# Noticed a pattern with app and browser



## Shadow LI (Aug 19, 2018)

Not sure if anyone else has noticed this but I did notice that when I do a two finger reset and then don’t use the browser at all that the app connects to the car much faster than if I use the browser and then try to connect to the car sometime there after. Anyone else noticed this?


----------



## Ed Woodrick (May 26, 2018)

Tthe app connecting to the car is simply an act of communication with Tesla servers and then the car over cellular. If the car has marginal service, it may take longer,, if at all.
If the car is asleep, it will take just a little bit more to wake it up.
Resetting the computer will wake it up, but you have to wait for connectivity to be reestablished.

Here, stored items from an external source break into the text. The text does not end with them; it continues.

(* Let $k$ be a fixed complex number. For every integer $n>0$, $$(\Lambda_{\Omega}\ast\beta_k)(n)=\Omega(n)\beta_k(n)-\beta_k(n).$$
   Context: $\Omega(n)=\sum_{p^\alpha\parallel n}\alpha$ is the number of prime factors of $n$ counted with multiplicity. $\Lambda_\Omega(n)=1$ if $n=p^k$ for some prime $p$ and integer $k\geq1$, and $\Lambda_\Omega(n)=0$ otherwise. $\beta_k(n)=\sum_{p\mid n}p^k$ is the sum of the $k$-th powers of the distinct prime factors of $n$. $\ast$ is Dirichlet convolution $(F\ast G)(n)=\sum_{d\mid n}F(d)G(n/d)$. *)

theory Defs
  imports "HOL-Analysis.Analysis" "HOL-Computational_Algebra.Primes"
begin

definition bigOmega :: "nat \<Rightarrow> nat" where
  "bigOmega n = size (prime_factorization n)"

definition LambdaOmega :: "nat \<Rightarrow> complex" where
  "LambdaOmega n = (if \<exists>p j. prime p \<and> j \<ge> 1 \<and> n = p ^ j then 1 else 0)"

definition beta :: "complex \<Rightarrow> nat \<Rightarrow> complex" where
  "beta k n = (\<Sum>p\<in>prime_factors n. (of_nat p) powr k)"

definition dirichlet_conv :: "(nat \<Rightarrow> complex) \<Rightarrow> (nat \<Rightarrow> complex) \<Rightarrow> nat \<Rightarrow> complex" where
  "dirichlet_conv F G n = (\<Sum>d | d dvd n. F d * G (n div d))"

end

(* The divisors d of n with Lambda_Omega(d) = 1 are the p^j with p | n and 1 <= j <= v_p(n).
   Dividing n by p^j removes p from the set of prime factors exactly when j = v_p(n), so
   beta_k(n / p^j) = beta_k(n) - [j = v_p(n)] p^k.  Summing over j, each prime p | n contributes
   v_p(n) beta_k(n) - p^k, and summing over p gives Omega(n) beta_k(n) - beta_k(n). *)

theory Submission
  imports Defs
begin

lemma size_prime_factorization_eq_sum_multiplicity:
  "size (prime_factorization n) = (\<Sum>p\<in>prime_factors n. multiplicity p n)"
  by (simp add: size_multiset_overloaded_eq count_prime_factorization_prime
      in_prime_factors_imp_prime cong: sum.cong)

lemma prime_factors_div_prime_power:
  fixes n p :: "'a :: factorial_semiring"
  assumes "n \<noteq> 0" "prime p" "j \<ge> 1" "j \<le> multiplicity p n"
  shows "prime_factors (n div p ^ j) =
           (if j = multiplicity p n then prime_factors n - {p} else prime_factors n)"
proof -
  define m where "m = n div p ^ j"
  have n_eq: "n = p ^ j * m"
    using multiplicity_dvd'[OF assms(4)] by (simp add: m_def)
  have "m \<noteq> 0" "p ^ j \<noteq> 0"
    using assms n_eq by auto
  then have factors_n: "prime_factors n = insert p (prime_factors m)"
    using assms by (simp add: n_eq prime_factors_product prime_factorization_prime_power)
  have "multiplicity p n = j + multiplicity p m"
    using \<open>m \<noteq> 0\<close> \<open>p ^ j \<noteq> 0\<close> assms(2) by (simp add: n_eq prime_elem_multiplicity_mult_distrib)
  then have "p \<in> prime_factors m \<longleftrightarrow> j \<noteq> multiplicity p n"
    using assms(2) by (auto simp: prime_factors_multiplicity)
  then show ?thesis
    using factors_n by (auto simp flip: m_def)
qed

lemma prime_power_divisors_eq:
  fixes n :: "'a :: factorial_semiring"
  assumes "n \<noteq> 0"
  shows "{d. d dvd n \<and> (\<exists>p j. prime p \<and> j \<ge> 1 \<and> d = p ^ j)} =
           (\<lambda>(p, j). p ^ j) ` (SIGMA p:prime_factors n. {1..multiplicity p n})"
proof (intro equalityI subsetI)
  fix d assume "d \<in> {d. d dvd n \<and> (\<exists>p j. prime p \<and> j \<ge> 1 \<and> d = p ^ j)}"
  then obtain p j where "prime p" "j \<ge> 1" "d = p ^ j" "p ^ j dvd n"
    by auto
  moreover from this have "j \<le> multiplicity p n"
    using assms by (intro multiplicity_geI) auto
  ultimately show "d \<in> (\<lambda>(p, j). p ^ j) ` (SIGMA p:prime_factors n. {1..multiplicity p n})"
    by (force simp: prime_factors_multiplicity)
next
  fix d assume "d \<in> (\<lambda>(p, j). p ^ j) ` (SIGMA p:prime_factors n. {1..multiplicity p n})"
  then obtain p j where "p \<in> prime_factors n" "1 \<le> j" "j \<le> multiplicity p n" "d = p ^ j"
    by auto
  moreover from this have "prime p" "p ^ j dvd n"
    by (auto intro: multiplicity_dvd' in_prime_factors_imp_prime)
  ultimately show "d \<in> {d. d dvd n \<and> (\<exists>p j. prime p \<and> j \<ge> 1 \<and> d = p ^ j)}"
    by blast
qed

lemma inj_on_prime_power:
  "inj_on (\<lambda>(p, j). p ^ j) {(p :: 'a :: factorial_semiring, j). prime p \<and> j \<ge> 1}"
  by (auto simp: inj_on_def dest: prime_power_inj')

lemma dirichlet_conv_LambdaOmega:
  assumes "n > 0"
  shows "dirichlet_conv LambdaOmega F n =
           (\<Sum>p\<in>prime_factors n. \<Sum>j=1..multiplicity p n. F (n div p ^ j))"
proof -
  let ?S = "SIGMA p:prime_factors n. {1..multiplicity p n}"
  let ?prime_power = "\<lambda>d::nat. \<exists>p j. prime p \<and> j \<ge> 1 \<and> d = p ^ j"
  have "dirichlet_conv LambdaOmega F n = (\<Sum>d | d dvd n. if ?prime_power d then F (n div d) else 0)"
    unfolding dirichlet_conv_def LambdaOmega_def by (rule sum.cong) auto
  also have "\<dots> = (\<Sum>d | d dvd n \<and> ?prime_power d. F (n div d))"
    using assms by (simp add: sum.inter_filter[symmetric])
  also have "\<dots> = (\<Sum>d\<in>(\<lambda>(p, j). p ^ j) ` ?S. F (n div d))"
    using assms by (intro sum.cong[OF prime_power_divisors_eq refl]) simp
  also have "\<dots> = (\<Sum>(p, j)\<in>?S. F (n div p ^ j))"
  proof -
    have "inj_on (\<lambda>(p, j). p ^ j) ?S"
      by (rule inj_on_subset[OF inj_on_prime_power]) (auto dest: in_prime_factors_imp_prime)
    then show ?thesis
      by (simp add: sum.reindex case_prod_unfold)
  qed
  also have "\<dots> = (\<Sum>p\<in>prime_factors n. \<Sum>j=1..multiplicity p n. F (n div p ^ j))"
    by (rule sum.Sigma[symmetric]) auto
  finally show ?thesis .
qed

lemma beta_div_prime_power:
  assumes "n > 0" "prime p" "j \<ge> 1" "j \<le> multiplicity p n"
  shows "beta k (n div p ^ j) = beta k n - (if j = multiplicity p n then of_nat p powr k else 0)"
proof -
  have "p \<in> prime_factors n"
    using assms by (simp add: prime_factors_multiplicity)
  then show ?thesis
    using prime_factors_div_prime_power[OF _ assms(2-4)] assms(1)
    by (simp add: beta_def sum_diff1)
qed

theorem theorem3p1:
  fixes k :: complex and n :: nat
  assumes "n > 0"
  shows "dirichlet_conv LambdaOmega (beta k) n = of_nat (bigOmega n) * beta k n - beta k n"
proof -
  have "dirichlet_conv LambdaOmega (beta k) n =
          (\<Sum>p\<in>prime_factors n. \<Sum>j=1..multiplicity p n. beta k (n div p ^ j))"
    by (rule dirichlet_conv_LambdaOmega[OF assms])
  also have "\<dots> = (\<Sum>p\<in>prime_factors n. \<Sum>j=1..multiplicity p n.
                      beta k n - (if j = multiplicity p n then of_nat p powr k else 0))"
    using assms by (intro sum.cong refl beta_div_prime_power) (auto dest: in_prime_factors_imp_prime)
  also have "\<dots> = (\<Sum>p\<in>prime_factors n. of_nat (multiplicity p n) * beta k n - of_nat p powr k)"
  proof (rule sum.cong[OF refl])
    fix p assume "p \<in> prime_factors n"
    then have "multiplicity p n \<in> {1..multiplicity p n}"
      by (simp add: prime_factors_multiplicity)
    then show "(\<Sum>j=1..multiplicity p n.
                 beta k n - (if j = multiplicity p n then of_nat p powr k else 0)) =
               of_nat (multiplicity p n) * beta k n - of_nat p powr k"
      by (simp add: sum_subtractf)
  qed
  also have "\<dots> = of_nat (bigOmega n) * beta k n - beta k n"
    by (simp add: sum_subtractf sum_distrib_right bigOmega_def
        size_prime_factorization_eq_sum_multiplicity beta_def)
  finally show ?thesis .
qed

end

Best thing, chill out and don't expect instantaneous response.


----------



## Shadow LI (Aug 19, 2018)

I hear you but perhaps it is a coincidence but I am getting an instantaneous response in multiple locations after a reset when not ever using the browser after a reset. 
I’m sure it’s a bizarre coincidence but I’ll take it for now!


----------



## r-e-l (Dec 19, 2018)

I cant say for sure but I sometime feels like if I disconnect the wifi on the phone and use cell connection that it connects faster but its not consistent so cant be sure. try it out and see how goes.
(if the car is at home with wifi connection, it might also be an issue)


----------



## BluestarE3 (Oct 12, 2017)

People actually use the car's browser?


----------